Такие страшные явления всегда рассматривают как знаки свыше. Через год сей знак оправдается в виде иного наводнения — политического.
Государь император, осматривая последствия наводнения, глотая слезы, услышал, как кто-то сказал в толпе:
— За грехи наши!
— Нет, за мои! — тихо, с болью в голосе, произнес Александр.
СМУТА
1825–1826
В Москве 1825 год ознаменовался открытием Большого театра. Первый такой театр, простояв четверть века, сгорел в 1805 году Затем на Арбатской площади был отстроен новый, но он исчез в пожаре 1812 года. И вот Москва украсилась творением архитектора Осипа Бове, тем зданием, коему суждено было стать одним из главных символов Белокаменной.

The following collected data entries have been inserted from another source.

lemma smooth_id: "smooth_on S (\<lambda>x. x)"
  unfolding smooth_on_def
proof -
  have "Ck_on k S (\<lambda>x. x)" for k
  proof (induction k)
    case 0 then show ?case by (simp add: continuous_on_id)
  next
    case (Suc k)
    have "\<forall>x\<in>S. ((\<lambda>x. x) has_derivative (\<lambda>v. v)) (at x)" by simp
    then show ?case by (rule CkI) (simp add: Ck_const)
  qed
  then show "\<forall>k. Ck_on k S (\<lambda>x. x)" by blast
qed

lemma smooth_subset: "smooth_on S f \<Longrightarrow> T \<subseteq> S \<Longrightarrow> smooth_on T f"
  using Ck_subset by (metis smooth_on_def)

lemma smooth_cong: "open S \<Longrightarrow> (\<And>x. x \<in> S \<Longrightarrow> f x = g x) \<Longrightarrow> smooth_on S f \<Longrightarrow> smooth_on S g"
  using Ck_cong by (metis smooth_on_def)

lemma smooth_sum: "finite I \<Longrightarrow> (\<And>i. i \<in> I \<Longrightarrow> smooth_on S (f i)) \<Longrightarrow> smooth_on S (\<lambda>x. \<Sum>i\<in>I. f i x)"
  by (simp add: smooth_on_def Ck_sum)

lemma smooth_prod: "finite I \<Longrightarrow> (\<And>i. i \<in> I \<Longrightarrow> smooth_on S (f i)) \<Longrightarrow> smooth_on S (\<lambda>x. \<Prod>i\<in>I. (f i x::real))"
  by (simp add: smooth_on_def Ck_prod)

Но это — храм муз, скорее языческий, нежели христианский, и увенчан он алебастровой скульптурой языческого божества Аполлона. Проповедям Филарета здесь не место. Им место в храмах единого Бога. Снова год начинается с его проповедей пред гробом святителя Алексея в Чудовом монастыре. Филарет никогда не пропускает без особого почитания дни памяти двух святых друзей — митрополита Алексея и преподобного Сергия Радонежского, именно их считая своими духовными покровителями и образцами для подражания.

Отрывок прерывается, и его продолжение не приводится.